(* Let $G$ be a graph with vertex set $A \cup B \cup C$, where $A, B, C$ are pairwise disjoint, $|A| = 2$, and $|B|, |C| \in \{3, 4\}$. Suppose that the bipartite graph of edges of $G$ between $B$ and $A \cup C$ is a complete bipartite graph between $B$ and $A \cup C$ minus a matching which has at most two edges between $B$ and $C$, and that $G$ has no edges between $A$ and $C$. Then there is a fractional triangle packing $\omega$ in $G$, assigning positive weight only to triangles that intersect exactly two of the sets $A, B, C$, such that $\omega(e) = 1/2$ for every edge $e$ of $G$ with both ends in $A$ or both ends in $C$, and $\omega(e) = 1$ for every edge $e$ of $G$ with both ends in $B$.
   Context: A fractional triangle packing in a graph $G$ is a function $\omega$ from the set of triangles of $G$ to $[0,1]$ such that $\omega(e) := \sum_{T \ni e}\omega(T) \le 1$ for every edge $e$ of $G$, where the sum is over triangles $T$ of $G$ containing $e$. *)

theory Defs
  imports Complex_Main
begin

definition simple_graph :: "'a set \<Rightarrow> 'a set set \<Rightarrow> bool" where
  "simple_graph V E \<longleftrightarrow> finite V \<and> (\<forall>e\<in>E. e \<subseteq> V \<and> card e = 2)"

definition triangles :: "'a set set \<Rightarrow> 'a set set" where
  "triangles E = {T. card T = 3 \<and> (\<forall>x\<in>T. \<forall>y\<in>T. x \<noteq> y \<longrightarrow> {x, y} \<in> E)}"

definition edge_weight :: "'a set set \<Rightarrow> ('a set \<Rightarrow> real) \<Rightarrow> 'a set \<Rightarrow> real" where
  "edge_weight E \<omega> e = (\<Sum>T\<in>{T\<in>triangles E. e \<subseteq> T}. \<omega> T)"

definition fractional_triangle_packing :: "'a set set \<Rightarrow> ('a set \<Rightarrow> real) \<Rightarrow> bool" where
  "fractional_triangle_packing E \<omega> \<longleftrightarrow>
     (\<forall>T\<in>triangles E. 0 \<le> \<omega> T \<and> \<omega> T \<le> 1) \<and>
     (\<forall>e\<in>E. edge_weight E \<omega> e \<le> 1)"

end

theory Submission
  imports Defs
begin

text \<open>
  Number the vertices \<open>0, \<dots>, |B| + |C| + 1\<close> so that \<open>A = {0, 1}\<close>, \<open>B = {2, \<dots>, |B| + 1}\<close>
  and \<open>C\<close> is the rest, and so that every edge of \<open>M\<close> belongs to one fixed maximal matching:
  the first \<open>k\<close> vertices of \<open>B\<close> are matched into \<open>A\<close>, the other \<open>|B| - k\<close> into \<open>C\<close>.
  This is possible because at most two vertices of \<open>B\<close> are matched into \<open>A\<close> and at most two
  into \<open>C\<close>. Enlarging \<open>M\<close> only deletes edges between \<open>B\<close> and \<open>A \<union> C\<close>, and a triangle
  through an edge inside one part that meets exactly two parts has its other two edges between
  \<open>B\<close> and \<open>A \<union> C\<close>. Hence a packing of the graph with the maximal matching removed, supported
  on triangles meeting two parts and avoiding \<open>A\<close>-\<open>C\<close> pairs, has the required loads in \<open>G\<close>.
  For each of the six possible values of \<open>(|B|, |C|, k)\<close> such a packing, with weights in
  multiples of \<open>1/4\<close>, is given explicitly and checked by evaluation.
\<close>

lemma inj_on_extend:
  assumes "finite X" "finite Y" "X0 \<subseteq> X" "inj_on f X0" "f ` X0 \<subseteq> Y" "card X \<le> card Y"
  obtains h where "inj_on h X" "h ` X \<subseteq> Y" "\<And>x. x \<in> X0 \<Longrightarrow> h x = f x"
proof -
  have "finite X0" using assms(1,3) by (rule finite_subset[rotated])
  then have "card (X - X0) \<le> card (Y - f ` X0)"
    using assms card_mono[OF assms(1,3)] by (simp add: card_Diff_subset card_image)
  then obtain j where j: "j ` (X - X0) \<subseteq> Y - f ` X0" "inj_on j (X - X0)"
    using card_le_inj[of "X - X0" "Y - f ` X0"] assms(1,2) by auto
  define h where "h x = (if x \<in> X0 then f x else j x)" for x
  have "inj_on h X0" "inj_on h (X - X0)"
    using assms(4) j(2) by (auto simp: h_def inj_on_def)
  moreover have "h ` X0 \<inter> h ` (X - X0) = {}"
    using j(1) by (auto simp: h_def)
  moreover have "X0 - (X - X0) = X0" "(X - X0) - X0 = X - X0" by blast+
  ultimately have "inj_on h (X0 \<union> (X - X0))"
    by (subst inj_on_Un) simp
  moreover have "X0 \<union> (X - X0) = X" using assms(3) by blast
  ultimately have "inj_on h X" by simp
  moreover have "h ` X \<subseteq> Y" using assms(5) j(1) by (auto simp: h_def)
  moreover have "h x = f x" if "x \<in> X0" for x using that by (simp add: h_def)
  ultimately show thesis by (rule that)
qed

lemma exists_separating_subset:
  assumes "finite B" "P \<subseteq> B" "Q \<subseteq> B" "P \<inter> Q = {}"
    and "card P \<le> r" "card Q \<le> s" "card B \<le> r + s"
  obtains B1 where "P \<subseteq> B1" "B1 \<subseteq> B - Q" "card B1 \<le> r" "card (B - B1) \<le> s"
proof -
  define k where "k = max (card P) (card B - s)"
  have "card (B - Q) = card B - card Q"
    using assms(1,3) by (simp add: card_Diff_subset finite_subset)
  moreover have "card P + card Q \<le> card B"
    using assms(1-4) by (metis card_Un_disjoint card_mono finite_subset le_sup_iff)
  ultimately have "card P \<le> k" "k \<le> card (B - Q)" "P \<subseteq> B - Q"
    using assms unfolding k_def by auto
  then obtain B1 where B1: "P \<subseteq> B1" "B1 \<subseteq> B - Q" "card B1 = k"
    using exists_subset_between[of P k "B - Q"] assms(1) by auto
  moreover have "card (B - B1) = card B - k"
    using B1 assms(1) card_Diff_subset[of B1 B] finite_subset[of B1 B] by auto
  ultimately show thesis
    using that assms(5,7) unfolding k_def by auto
qed

lemma nth_append_three:
  "i < length xs \<Longrightarrow> (xs @ ys @ zs) ! i = xs ! i"
  "length xs \<le> i \<Longrightarrow> i < length xs + length ys \<Longrightarrow> (xs @ ys @ zs) ! i = ys ! (i - length xs)"
  "length xs + length ys \<le> i \<Longrightarrow> (xs @ ys @ zs) ! i = zs ! (i - (length xs + length ys))"
  by (auto simp: nth_append diff_diff_add)

section \<open>Matchings between a part and the rest\<close>

lemma matching_eq:
  assumes "\<forall>e\<in>M. \<forall>e'\<in>M. e \<noteq> e' \<longrightarrow> e \<inter> e' = {}" "e \<in> M" "e' \<in> M" "z \<in> e" "z \<in> e'"
  shows "e = e'"
proof (rule ccontr)
  assume "e \<noteq> e'"
  then have "e \<inter> e' = {}" using assms(1-3) by blast
  then show False using assms(4,5) by blast
qed

lemma matching_partner:
  assumes matching: "\<forall>e\<in>M. \<forall>e'\<in>M. e \<noteq> e' \<longrightarrow> e \<inter> e' = {}" and disj: "B \<inter> X = {}"
  obtains f where "\<And>b x. b \<in> B \<Longrightarrow> x \<in> X \<Longrightarrow> {b, x} \<in> M \<Longrightarrow> f b = x"
    and "inj_on f {b \<in> B. \<exists>x\<in>X. {b, x} \<in> M}"
proof -
  define f where "f b = (SOME x. x \<in> X \<and> {b, x} \<in> M)" for b
  have partner: "f b = x" if "b \<in> B" "x \<in> X" "{b, x} \<in> M" for b x
  proof -
    have "f b \<in> X \<and> {b, f b} \<in> M"
      unfolding f_def by (rule someI[of _ x]) (use that in simp)
    then have "{b, f b} = {b, x}" using matching_eq[OF matching, of "{b, f b}" "{b, x}" b] that(3) by simp
    moreover have "b \<noteq> x" using that disj by blast
    ultimately show ?thesis by (auto simp: doubleton_eq_iff)
  qed
  moreover have "inj_on f {b \<in> B. \<exists>x\<in>X. {b, x} \<in> M}"
  proof (rule inj_onI)
    fix b b' assume "b \<in> {b \<in> B. \<exists>x\<in>X. {b, x} \<in> M}" "b' \<in> {b \<in> B. \<exists>x\<in>X. {b, x} \<in> M}"
      and "f b = f b'"
    then obtain x x' where "b \<in> B" "x \<in> X" "{b, x} \<in> M" "b' \<in> B" "x' \<in> X" "{b', x'} \<in> M"
      by blast
    moreover from this have "x' = x" using partner \<open>f b = f b'\<close> by metis
    ultimately have "{b, x} = {b', x}" using matching_eq[OF matching, of "{b, x}" "{b', x}" x] by simp
    moreover have "b \<noteq> x" using \<open>b \<in> B\<close> \<open>x \<in> X\<close> disj by blast
    ultimately show "b = b'" by (auto simp: doubleton_eq_iff)
  qed
  ultimately show thesis by (rule that)
qed

lemma finite_pairs:
  assumes "finite B" "finite X" "\<forall>e\<in>M. \<exists>b\<in>B. \<exists>x\<in>X. e = {b, x}"
  shows "finite M"
proof (rule finite_subset)
  show "M \<subseteq> Pow (B \<union> X)"
  proof
    fix e assume "e \<in> M"
    then obtain b x where "b \<in> B" "x \<in> X" "e = {b, x}" using assms(3) by blast
    then show "e \<in> Pow (B \<union> X)" by blast
  qed
qed (use assms(1,2) in simp)

lemma matched_into_disjoint:
  assumes matching: "\<forall>e\<in>M. \<forall>e'\<in>M. e \<noteq> e' \<longrightarrow> e \<inter> e' = {}"
    and "B \<inter> Y = {}" "B \<inter> Z = {}" "Y \<inter> Z = {}"
  shows "{b \<in> B. \<exists>y\<in>Y. {b, y} \<in> M} \<inter> {b \<in> B. \<exists>z\<in>Z. {b, z} \<in> M} = {}"
proof (intro equalityI subsetI)
  fix b assume "b \<in> {b \<in> B. \<exists>y\<in>Y. {b, y} \<in> M} \<inter> {b \<in> B. \<exists>z\<in>Z. {b, z} \<in> M}"
  then obtain y z where "b \<in> B" "y \<in> Y" "z \<in> Z" "{b, y} \<in> M" "{b, z} \<in> M" by blast
  moreover from this have "{b, y} = {b, z}" by (intro matching_eq[OF matching]) auto
  ultimately show "b \<in> {}" using assms(2-4) by (auto simp: doubleton_eq_iff)
qed simp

^^^^^^^^^^^^^^^^

Your answer should be the lines above that contain the word "noteq", copied out.

  "triangles E = {T. card T = 3 \<and> (\<forall>x\<in>T. \<forall>y\<in>T. x \<noteq> y \<longrightarrow> {x, y} \<in> E)}"
  assumes "\<forall>e\<in>M. \<forall>e'\<in>M. e \<noteq> e' \<longrightarrow> e \<inter> e' = {}" "e \<in> M" "e' \<in> M" "z \<in> e" "z \<in> e'"
  assume "e \<noteq> e'"
  assumes matching: "\<forall>e\<in>M. \<forall>e'\<in>M. e \<noteq> e' \<longrightarrow> e \<inter> e' = {}" and disj: "B \<inter> X = {}"
    moreover have "b \<noteq> x" using that disj by blast
    moreover have "b \<noteq> x" using \<open>b \<in> B\<close> \<open>x \<in> X\<close> disj by blast
  assumes matching: "\<forall>e\<in>M. \<forall>e'\<in>M. e \<noteq> e' \<longrightarrow> e \<inter> e' = {}"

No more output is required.